(Stored data entries)
+--
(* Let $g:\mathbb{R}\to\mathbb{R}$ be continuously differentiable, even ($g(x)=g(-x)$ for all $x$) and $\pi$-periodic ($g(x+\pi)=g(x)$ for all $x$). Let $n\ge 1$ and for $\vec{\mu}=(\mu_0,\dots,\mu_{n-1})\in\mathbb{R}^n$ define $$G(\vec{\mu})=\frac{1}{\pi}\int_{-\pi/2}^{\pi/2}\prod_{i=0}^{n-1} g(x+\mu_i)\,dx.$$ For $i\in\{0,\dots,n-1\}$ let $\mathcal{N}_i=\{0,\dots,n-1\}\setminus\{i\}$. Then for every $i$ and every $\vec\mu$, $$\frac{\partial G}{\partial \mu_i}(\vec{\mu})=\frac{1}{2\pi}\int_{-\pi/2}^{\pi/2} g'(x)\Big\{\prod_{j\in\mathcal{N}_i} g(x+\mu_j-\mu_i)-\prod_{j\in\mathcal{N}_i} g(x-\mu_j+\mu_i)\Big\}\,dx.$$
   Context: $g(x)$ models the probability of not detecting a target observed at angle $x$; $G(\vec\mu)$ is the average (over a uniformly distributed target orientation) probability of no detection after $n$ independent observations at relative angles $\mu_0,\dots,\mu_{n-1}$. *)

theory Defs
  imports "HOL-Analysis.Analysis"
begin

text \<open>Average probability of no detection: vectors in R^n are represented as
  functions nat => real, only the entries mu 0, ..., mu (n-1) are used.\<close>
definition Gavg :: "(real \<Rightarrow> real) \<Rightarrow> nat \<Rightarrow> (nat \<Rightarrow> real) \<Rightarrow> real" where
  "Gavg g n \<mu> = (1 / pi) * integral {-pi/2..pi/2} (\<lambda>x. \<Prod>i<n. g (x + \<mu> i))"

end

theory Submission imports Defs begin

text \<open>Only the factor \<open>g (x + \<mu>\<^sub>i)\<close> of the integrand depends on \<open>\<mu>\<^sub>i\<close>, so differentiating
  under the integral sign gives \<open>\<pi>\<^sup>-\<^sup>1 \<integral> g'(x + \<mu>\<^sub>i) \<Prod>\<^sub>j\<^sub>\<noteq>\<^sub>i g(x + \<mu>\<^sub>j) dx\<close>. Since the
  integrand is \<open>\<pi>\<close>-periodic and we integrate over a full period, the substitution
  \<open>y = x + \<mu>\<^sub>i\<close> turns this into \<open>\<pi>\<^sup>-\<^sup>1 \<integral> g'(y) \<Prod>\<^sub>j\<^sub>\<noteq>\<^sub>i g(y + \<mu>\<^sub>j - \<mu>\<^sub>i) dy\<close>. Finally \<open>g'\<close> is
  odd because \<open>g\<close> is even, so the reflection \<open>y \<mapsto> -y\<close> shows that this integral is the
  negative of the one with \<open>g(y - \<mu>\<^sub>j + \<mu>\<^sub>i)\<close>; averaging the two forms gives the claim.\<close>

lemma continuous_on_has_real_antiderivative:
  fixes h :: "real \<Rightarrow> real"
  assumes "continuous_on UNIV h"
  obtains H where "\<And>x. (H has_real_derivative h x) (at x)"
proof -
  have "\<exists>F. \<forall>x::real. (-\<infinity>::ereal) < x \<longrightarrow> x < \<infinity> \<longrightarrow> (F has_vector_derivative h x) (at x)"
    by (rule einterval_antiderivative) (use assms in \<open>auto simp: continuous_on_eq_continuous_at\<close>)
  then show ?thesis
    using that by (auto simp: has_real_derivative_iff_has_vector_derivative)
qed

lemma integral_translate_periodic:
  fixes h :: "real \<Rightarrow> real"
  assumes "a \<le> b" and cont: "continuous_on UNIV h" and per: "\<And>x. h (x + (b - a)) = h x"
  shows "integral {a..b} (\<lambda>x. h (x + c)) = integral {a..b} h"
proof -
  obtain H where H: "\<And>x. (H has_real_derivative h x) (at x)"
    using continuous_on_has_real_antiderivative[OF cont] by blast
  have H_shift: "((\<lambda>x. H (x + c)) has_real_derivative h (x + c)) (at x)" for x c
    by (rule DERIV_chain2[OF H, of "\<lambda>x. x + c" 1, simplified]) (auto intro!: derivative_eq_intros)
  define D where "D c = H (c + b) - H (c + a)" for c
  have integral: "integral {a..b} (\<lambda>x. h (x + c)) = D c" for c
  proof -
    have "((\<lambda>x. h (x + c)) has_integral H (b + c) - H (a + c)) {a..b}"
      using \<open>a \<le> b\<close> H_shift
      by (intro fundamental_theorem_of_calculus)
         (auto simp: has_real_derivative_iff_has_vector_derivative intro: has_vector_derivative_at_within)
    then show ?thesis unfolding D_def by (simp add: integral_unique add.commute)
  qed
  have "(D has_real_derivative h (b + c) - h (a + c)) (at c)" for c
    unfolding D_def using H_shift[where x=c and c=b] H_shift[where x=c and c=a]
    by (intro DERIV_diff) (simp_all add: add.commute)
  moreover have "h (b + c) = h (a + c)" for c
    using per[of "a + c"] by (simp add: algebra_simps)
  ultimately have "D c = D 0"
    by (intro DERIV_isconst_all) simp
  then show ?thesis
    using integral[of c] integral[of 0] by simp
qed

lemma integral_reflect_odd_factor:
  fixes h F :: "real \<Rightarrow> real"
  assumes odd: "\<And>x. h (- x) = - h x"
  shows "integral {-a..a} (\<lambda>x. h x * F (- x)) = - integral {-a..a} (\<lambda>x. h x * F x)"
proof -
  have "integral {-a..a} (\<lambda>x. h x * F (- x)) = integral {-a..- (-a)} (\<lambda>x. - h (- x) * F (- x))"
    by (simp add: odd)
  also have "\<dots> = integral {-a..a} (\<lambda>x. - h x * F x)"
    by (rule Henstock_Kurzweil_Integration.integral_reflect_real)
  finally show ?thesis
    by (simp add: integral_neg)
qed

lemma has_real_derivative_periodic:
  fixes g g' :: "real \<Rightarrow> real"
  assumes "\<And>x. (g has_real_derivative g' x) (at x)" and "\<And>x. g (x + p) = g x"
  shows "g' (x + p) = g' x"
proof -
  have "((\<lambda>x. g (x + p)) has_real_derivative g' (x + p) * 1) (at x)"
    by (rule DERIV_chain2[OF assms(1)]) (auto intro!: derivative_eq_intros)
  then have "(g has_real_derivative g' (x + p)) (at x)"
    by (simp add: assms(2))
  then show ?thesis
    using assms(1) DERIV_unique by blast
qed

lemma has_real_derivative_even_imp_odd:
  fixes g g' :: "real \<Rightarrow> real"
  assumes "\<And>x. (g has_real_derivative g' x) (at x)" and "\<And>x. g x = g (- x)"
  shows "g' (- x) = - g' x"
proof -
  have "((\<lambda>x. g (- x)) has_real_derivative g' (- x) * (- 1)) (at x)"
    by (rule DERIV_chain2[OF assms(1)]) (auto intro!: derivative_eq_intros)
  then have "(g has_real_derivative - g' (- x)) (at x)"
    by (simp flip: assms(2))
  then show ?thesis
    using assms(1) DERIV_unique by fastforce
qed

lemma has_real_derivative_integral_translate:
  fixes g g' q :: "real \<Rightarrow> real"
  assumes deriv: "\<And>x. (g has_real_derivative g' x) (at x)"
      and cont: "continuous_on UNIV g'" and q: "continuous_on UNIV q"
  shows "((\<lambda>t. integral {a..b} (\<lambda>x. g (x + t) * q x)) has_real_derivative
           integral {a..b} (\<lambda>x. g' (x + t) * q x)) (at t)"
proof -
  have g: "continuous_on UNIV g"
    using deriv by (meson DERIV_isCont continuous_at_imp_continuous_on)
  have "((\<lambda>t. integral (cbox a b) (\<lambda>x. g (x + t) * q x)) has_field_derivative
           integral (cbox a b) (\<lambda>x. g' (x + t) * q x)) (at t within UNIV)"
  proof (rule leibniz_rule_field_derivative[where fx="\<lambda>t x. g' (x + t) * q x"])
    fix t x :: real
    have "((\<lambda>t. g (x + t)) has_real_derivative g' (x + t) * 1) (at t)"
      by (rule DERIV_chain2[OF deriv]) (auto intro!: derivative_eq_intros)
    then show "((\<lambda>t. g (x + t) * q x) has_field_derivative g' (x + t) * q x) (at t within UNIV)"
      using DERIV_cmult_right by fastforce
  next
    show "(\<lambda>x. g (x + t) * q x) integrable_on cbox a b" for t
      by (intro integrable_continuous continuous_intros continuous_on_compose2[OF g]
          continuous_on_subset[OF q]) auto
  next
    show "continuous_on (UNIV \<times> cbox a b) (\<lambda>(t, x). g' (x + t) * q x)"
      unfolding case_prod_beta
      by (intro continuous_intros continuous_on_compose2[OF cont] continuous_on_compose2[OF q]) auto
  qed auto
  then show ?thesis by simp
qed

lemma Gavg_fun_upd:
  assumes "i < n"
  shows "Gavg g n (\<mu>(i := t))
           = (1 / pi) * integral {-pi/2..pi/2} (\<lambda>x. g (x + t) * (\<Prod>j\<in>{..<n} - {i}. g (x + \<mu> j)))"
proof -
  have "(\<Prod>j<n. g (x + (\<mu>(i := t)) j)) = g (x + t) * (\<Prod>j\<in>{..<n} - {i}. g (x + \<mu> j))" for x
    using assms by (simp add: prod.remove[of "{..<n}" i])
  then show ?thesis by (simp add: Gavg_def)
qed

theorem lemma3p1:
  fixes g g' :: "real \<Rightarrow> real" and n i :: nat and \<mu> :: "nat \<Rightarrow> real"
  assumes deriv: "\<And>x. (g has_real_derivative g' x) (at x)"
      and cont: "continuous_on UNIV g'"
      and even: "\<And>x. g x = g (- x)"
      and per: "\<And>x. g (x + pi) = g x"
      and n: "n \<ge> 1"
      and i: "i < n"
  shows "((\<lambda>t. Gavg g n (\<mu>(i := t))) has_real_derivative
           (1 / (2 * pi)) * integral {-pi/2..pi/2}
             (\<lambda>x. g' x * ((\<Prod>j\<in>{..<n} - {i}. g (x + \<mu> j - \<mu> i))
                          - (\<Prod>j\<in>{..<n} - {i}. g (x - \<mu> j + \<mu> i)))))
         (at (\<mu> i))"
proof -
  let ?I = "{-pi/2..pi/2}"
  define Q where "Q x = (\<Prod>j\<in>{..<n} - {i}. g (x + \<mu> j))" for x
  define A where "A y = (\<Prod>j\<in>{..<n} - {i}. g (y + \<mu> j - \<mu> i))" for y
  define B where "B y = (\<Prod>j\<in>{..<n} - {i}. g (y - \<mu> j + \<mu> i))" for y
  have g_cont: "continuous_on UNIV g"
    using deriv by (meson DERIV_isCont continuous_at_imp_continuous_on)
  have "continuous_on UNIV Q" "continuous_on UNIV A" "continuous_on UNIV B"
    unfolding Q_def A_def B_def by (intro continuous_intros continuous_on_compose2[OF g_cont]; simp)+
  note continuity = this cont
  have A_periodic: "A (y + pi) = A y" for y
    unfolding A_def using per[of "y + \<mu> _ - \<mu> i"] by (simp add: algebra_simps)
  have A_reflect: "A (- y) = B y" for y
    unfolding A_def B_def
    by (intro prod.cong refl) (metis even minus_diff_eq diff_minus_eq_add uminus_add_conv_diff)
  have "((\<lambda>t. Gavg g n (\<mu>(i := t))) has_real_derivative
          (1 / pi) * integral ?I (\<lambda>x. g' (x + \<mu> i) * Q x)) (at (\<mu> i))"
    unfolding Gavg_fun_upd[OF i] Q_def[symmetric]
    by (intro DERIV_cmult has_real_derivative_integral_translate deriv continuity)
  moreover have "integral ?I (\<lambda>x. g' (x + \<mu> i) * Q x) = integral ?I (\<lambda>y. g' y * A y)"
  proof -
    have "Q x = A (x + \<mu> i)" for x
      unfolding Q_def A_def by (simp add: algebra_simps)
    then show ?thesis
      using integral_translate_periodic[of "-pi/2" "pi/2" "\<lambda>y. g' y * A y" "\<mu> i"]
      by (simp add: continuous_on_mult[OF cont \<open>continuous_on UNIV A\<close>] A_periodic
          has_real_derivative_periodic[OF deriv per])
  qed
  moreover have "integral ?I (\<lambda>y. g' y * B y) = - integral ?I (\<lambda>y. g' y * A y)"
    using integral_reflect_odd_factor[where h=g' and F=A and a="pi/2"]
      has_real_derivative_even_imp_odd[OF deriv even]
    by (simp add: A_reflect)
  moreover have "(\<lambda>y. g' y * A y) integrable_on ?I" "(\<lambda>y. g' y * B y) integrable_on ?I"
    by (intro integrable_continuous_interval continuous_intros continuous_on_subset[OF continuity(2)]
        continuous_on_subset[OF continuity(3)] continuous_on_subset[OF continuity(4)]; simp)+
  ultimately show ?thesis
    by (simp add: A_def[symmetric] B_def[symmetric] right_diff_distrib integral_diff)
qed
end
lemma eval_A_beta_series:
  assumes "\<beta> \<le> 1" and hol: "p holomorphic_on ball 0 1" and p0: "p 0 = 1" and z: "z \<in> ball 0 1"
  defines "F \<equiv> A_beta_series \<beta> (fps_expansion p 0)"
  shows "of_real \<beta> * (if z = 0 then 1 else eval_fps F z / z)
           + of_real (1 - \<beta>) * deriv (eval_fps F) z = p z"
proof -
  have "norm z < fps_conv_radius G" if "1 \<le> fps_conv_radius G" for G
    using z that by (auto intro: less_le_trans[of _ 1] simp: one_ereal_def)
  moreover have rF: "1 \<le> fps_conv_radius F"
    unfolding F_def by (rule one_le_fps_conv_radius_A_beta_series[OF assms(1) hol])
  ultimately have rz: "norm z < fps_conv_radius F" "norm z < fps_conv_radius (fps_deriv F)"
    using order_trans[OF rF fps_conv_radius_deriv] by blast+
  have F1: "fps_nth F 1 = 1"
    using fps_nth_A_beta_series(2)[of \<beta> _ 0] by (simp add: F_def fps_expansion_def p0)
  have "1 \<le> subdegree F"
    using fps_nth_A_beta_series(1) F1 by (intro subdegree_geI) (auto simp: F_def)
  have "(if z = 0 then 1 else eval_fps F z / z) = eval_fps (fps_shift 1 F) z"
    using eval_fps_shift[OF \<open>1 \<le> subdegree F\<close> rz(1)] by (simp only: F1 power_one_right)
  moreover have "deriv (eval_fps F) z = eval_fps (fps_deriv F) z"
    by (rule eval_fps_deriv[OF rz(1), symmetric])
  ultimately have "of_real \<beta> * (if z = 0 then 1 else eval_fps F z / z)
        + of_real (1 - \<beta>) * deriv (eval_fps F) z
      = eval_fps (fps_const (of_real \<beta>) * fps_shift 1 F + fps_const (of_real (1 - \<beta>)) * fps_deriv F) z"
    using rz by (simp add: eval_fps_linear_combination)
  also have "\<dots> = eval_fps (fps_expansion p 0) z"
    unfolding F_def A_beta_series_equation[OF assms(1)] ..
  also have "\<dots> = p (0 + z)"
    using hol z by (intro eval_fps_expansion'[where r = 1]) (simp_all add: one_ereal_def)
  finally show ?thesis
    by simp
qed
+--
= What to do =
Filter the entries down to the lines that include the string "cbox".

= Answer for the task =
  have "((\<lambda>t. integral (cbox a b) (\<lambda>x. g (x + t) * q x)) has_field_derivative
           integral (cbox a b) (\<lambda>x. g' (x + t) * q x)) (at t within UNIV)"
    show "(\<lambda>x. g (x + t) * q x) integrable_on cbox a b" for t
    show "continuous_on (UNIV \<times> cbox a b) (\<lambda>(t, x). g' (x + t) * q x)"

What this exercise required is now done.